There has long been a desire for transparency and specific guidelines around data within the advertising industry. Recently the Advertising Research Foundation partnered with the Coalition for Innovative Media Measurement to propose a data labeling initiative. Still in the early stages of development, the proposal is surrounded by a plethora of open questions about how an initiative such as this can come to fruition.
While we fully support the idea of data labeling and affirm that this is a move in the right direction, a need still exists to take this initiative further. Sure, slap a label on something, but how do we know what that label means or represents? What are actual steps that should be taken to rid advertising of skepticism and uncertainty? As a group, we need to move toward confidence and knowledge that data is being sourced and analyzed correctly. Without these specific instructions and action items around a standard operating procedure when it comes to data transparency, we’re still staring at a problem that will only continue to grow with the current data revolution.
Why we need more help:
No one wants to be labeled a ‘bad actor’. Most data providers are quick to tout the accuracy of their data and create noise around why their product is better than the next. Maybe the data is accurate, but there is still a black box around how that data is collected, built and validated. As a result, brands and marketers don’t truly trust the data they receive.

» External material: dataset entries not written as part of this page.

lemma greedy_indep_independent:
  assumes proper: "\<And>x y. y \<in> N x \<Longrightarrow> c y \<noteq> c x"
    and N_sym: "\<And>x y. y \<in> N x \<Longrightarrow> x \<in> N y"
    and "x \<in> (\<Union>n. greedy_indep c N n)" "y \<in> (\<Union>n. greedy_indep c N n)"
  shows "y \<notin> N x"
proof
  assume y: "y \<in> N x"
  have x: "x \<in> greedy_indep c N (Suc (c x))" "N x \<inter> greedy_indep c N (c x) = {}"
    and y': "y \<in> greedy_indep c N (Suc (c y))" "N y \<inter> greedy_indep c N (c y) = {}"
    using assms(3,4) by (auto dest: greedy_indep_memD)
  show False
  proof (cases "c x < c y")
    case True
    then have "greedy_indep c N (Suc (c x)) \<subseteq> greedy_indep c N (c y)"
      by (intro greedy_indep_mono) simp
    then have "x \<in> greedy_indep c N (c y)"
      using x(1) by blast
    then show False
      using y'(2) N_sym[OF y] by blast
  next
    case False
    then have "c y < c x"
      using proper[OF y] by simp
    then have "greedy_indep c N (Suc (c y)) \<subseteq> greedy_indep c N (c x)"
      by (intro greedy_indep_mono) simp
    then have "y \<in> greedy_indep c N (c x)"
      using y'(1) by blast
    then show False
      using x(2) y by blast
  qed
qed

lemma greedy_indep_maximal:
  "x \<in> (\<Union>n. greedy_indep c N n) \<or> N x \<inter> (\<Union>n. greedy_indep c N n) \<noteq> {}"
proof (cases "N x \<inter> greedy_indep c N (c x) = {}")
  case True
  then have "x \<in> greedy_indep c N (Suc (c x))"
    by simp
  then show ?thesis
    by blast
next
  case False
  then show ?thesis
    by blast
qed

lemma borel_proper_colouring_nat:
  fixes f :: "'i \<Rightarrow> 'a::{second_countable_topology, t1_space} \<Rightarrow> 'a"
  assumes "finite F"
    and [measurable]: "\<And>h. f h \<in> borel_measurable borel"
    and no_fix: "\<And>h x. h \<in> F \<Longrightarrow> f h x \<noteq> x"
  obtains c :: "'a \<Rightarrow> nat" where "c \<in> measurable borel (count_space UNIV)"
    and "\<And>h x. h \<in> F \<Longrightarrow> c (f h x) \<noteq> c x"
proof -
  obtain \<B> :: "'a set set" where \<B>: "countable \<B>" "topological_basis \<B>"
    using ex_countable_basis by blast
  then have "\<B> \<noteq> {}"
    by (metis empty_iff open_UNIV topological_basisE UNIV_I)
  define B where "B = from_nat_into \<B>"
  have [measurable]: "B n \<in> sets borel" for n
    using topological_basis_open[OF \<B>(2) from_nat_into[OF \<open>\<B> \<noteq> {}\<close>]] by (simp add: B_def)
  have B_sep: "\<exists>n. x \<in> B n \<and> B n \<subseteq> U" if U: "open U" "x \<in> U" for U x
  proof -
    obtain V where "V \<in> \<B>" "x \<in> V" "V \<subseteq> U"
      using topological_basisE[OF \<B>(2) U] by metis
    moreover have "V \<in> range B"
      using \<open>V \<in> \<B>\<close> range_from_nat_into[OF \<open>\<B> \<noteq> {}\<close> \<B>(1)] by (simp add: B_def)
    ultimately show ?thesis
      by auto
  qed
  define c where "c x = (LEAST n. x \<in> B n \<and> (\<forall>h\<in>F. f h x \<notin> B n))" for x
  have "\<exists>n. x \<in> B n \<and> (\<forall>h\<in>F. f h x \<notin> B n)" for x
  proof -
    have "open (- (\<lambda>h. f h x) ` F)"
      using \<open>finite F\<close> by (simp add: finite_imp_closed open_Compl)
    moreover have "x \<in> - (\<lambda>h. f h x) ` F"
      using no_fix by (metis ComplI imageE)
    ultimately obtain n where "x \<in> B n" "B n \<subseteq> - (\<lambda>h. f h x) ` F"
      using B_sep by meson
    then show ?thesis
      by auto
  qed
  then have c: "x \<in> B (c x) \<and> (\<forall>h\<in>F. f h x \<notin> B (c x))" for x
    unfolding c_def by (rule LeastI_ex)
  have "c \<in> measurable borel (count_space UNIV)"
    unfolding c_def using \<open>finite F\<close> by measurable
  moreover have "c (f h x) \<noteq> c x" if "h \<in> F" for h x
  proof
    assume "c (f h x) = c x"
    then have "f h x \<in> B (c x)"
      using c[of "f h x"] by simp
    then show False
      using c[of x] that by blast
  qed
  ultimately show ?thesis
    using that by blast
qed

lemma borel_maximal_independent_set:
  fixes f :: "'i \<Rightarrow> 'a::{second_countable_topology, t1_space} \<Rightarrow> 'a"
  assumes "finite F"
    and [measurable]: "\<And>h. f h \<in> borel_measurable borel"
    and "\<And>h x. h \<in> F \<Longrightarrow> f h x \<noteq> x"
    and symmetric: "\<And>h x. h \<in> F \<Longrightarrow> \<exists>h'\<in>F. f h' (f h x) = x"
  obtains I where "I \<in> sets borel"
    and "\<And>x h. x \<in> I \<Longrightarrow> h \<in> F \<Longrightarrow> f h x \<notin> I"
    and "\<And>x. x \<in> I \<or> (\<exists>h\<in>F. f h x \<in> I)"
proof -
  obtain c :: "'a \<Rightarrow> nat" where [measurable]: "c \<in> measurable borel (count_space UNIV)"
    and proper: "\<And>h x. h \<in> F \<Longrightarrow> c (f h x) \<noteq> c x"
    using borel_proper_colouring_nat assms(1-3) by blast
  define N where "N x = (\<lambda>h. f h x) ` F" for x
  have N_disjoint_iff: "N x \<inter> A = {} \<longleftrightarrow> (\<forall>h\<in>F. f h x \<notin> A)" for x A
    by (auto simp: N_def)
  have N_sym: "x \<in> N y" if "y \<in> N x" for x y
  proof -
    obtain h where "h \<in> F" "y = f h x"
      using \<open>y \<in> N x\<close> by (auto simp: N_def)
    then obtain h' where "h' \<in> F" "f h' y = x"
      using symmetric by blast
    then show ?thesis
      unfolding N_def by blast
  qed
  have N_proper: "c y \<noteq> c x" if "y \<in> N x" for x y
    using that proper by (auto simp: N_def)
  have "greedy_indep c N n \<in> sets borel" for n
  proof (induction n)
    case (Suc n)
    note [measurable] = Suc
    have "greedy_indep c N (Suc n) =
        {x. x \<in> greedy_indep c N n \<or> (c x = n \<and> (\<forall>h\<in>F. f h x \<notin> greedy_indep c N n))}"
      by (auto simp: N_disjoint_iff)
    also have "\<dots> \<in> sets borel"
      using \<open>finite F\<close> by measurable
    finally show ?case .
  qed simp
  then have "(\<Union>n. greedy_indep c N n) \<in> sets borel"
    by blast
  moreover have "f h x \<notin> (\<Union>n. greedy_indep c N n)"
    if "x \<in> (\<Union>n. greedy_indep c N n)" "h \<in> F" for x h
    using greedy_indep_independent[OF N_proper N_sym that(1)] that(2) by (auto simp: N_def)
  moreover have "x \<in> (\<Union>n. greedy_indep c N n) \<or> (\<exists>h\<in>F. f h x \<in> (\<Union>n. greedy_indep c N n))" for x
    using greedy_indep_maximal[of x c N] by (auto simp: N_def)
  ultimately show ?thesis
    using that by blast
qed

Although they continue to use that data, doubt still abounds. Advertiser Perceptions even recently found that 80% of advertisers use audience insights, but that only 33% say they ‘completely trust them’.
In nearly every industry outside of advertising, there is data regulation. There is clear delineation on how data is sourced, kept and secured. Take HIPAA legislations, for example, which put highly strict regulations on what type of medical data can be shared and where personally identifiable information should be withheld. These type of regulations don’t exist for the mass amounts of general, publicly available data that exist. There is no official standard. And this is not acceptable. On top of data labeling, this is the standard that needs to be set and how we all get there together.
- Providing clear and accurate reports – Inaccurate reporting often stems from identifying sample size and consumers at the individual level versus the household level. In these cases, the baseline of the data collection is left unknown as the data suppliers create false match rates simply using an address and last name, thus making sweeping assumptions about a household as a whole. Everyone in that household is essentially ‘matched’, but without transparency on the report, simple qualifiers at an individual level — age, ethnicity, occupation, gender — can be extremely wrong and suddenly all the information is invalid for the consumer of that information. To avoid this, data providers should be required to disclose the level at which their data is being represented and whether or not that sample is consistent with other information in the database or identity graph.
- Describing how the data is built – Data can be collected in any number of manners, so as data providers, we should be sharing the methods we use with clients. This boils down to whether or not data is collected in an appropriate manner, that it is recent and updated regularly, what the point of collection is (online surveys, transactions, web scraping, via phone, with consumer notice that we are collecting data). Again, was this data collected at the household (inferred) or individual level?
- Clarifying proprietary vs. white labeled data – Let’s look at a scenario. Company A may want to license data from company X and Y, but company A doesn’t realize that company X is white labeling from company Y and that the data is the same. In this scenario, without full transparency, company A is potentially left buying the same data twice and wasting time and money. If you’re buying data, you’d like to know that you are dealing with the originator of the data or at the least, where that data’s origins are. Companies can sell data, but we often see white labeled data presented as proprietary, presenting a substantial need for more transparency around where data is truly coming from.
- Creating a standard sample set — When data providers supply samples they often try to put their best foot forward. It’s easy to mask what they are doing poorly if they are allowed to drive what that sample is and only supply the best data upfront. For this reason, there should be a standard sample set that people can adhere to. If there were standards around what the samples should be, there would be no way to hide this and everyone would get a clear, accurate sample of data to test before committing fully.
- Developing data accuracy compliance — It’s difficult to imagine a world where companies fully disclose the names of their sources or are truly 100% transparent. Yet if every other industry has data security and privacy standards, why shouldn’t the advertising industry? In addition to labeling data, we need to develop a compliance checklist that ranks companies in terms of their level of transparency. This would give brands and advertisers the option to be selective about the firms they choose to work with based on whatever standards they deem fit.
This may require giving up a few sources or opening up previously closed doors, but if the whole industry was held accountable to this standard, it would be common practice. If you feel strongly about your data you will be willing to follow these standards and stand together as we take more steps toward full transparency.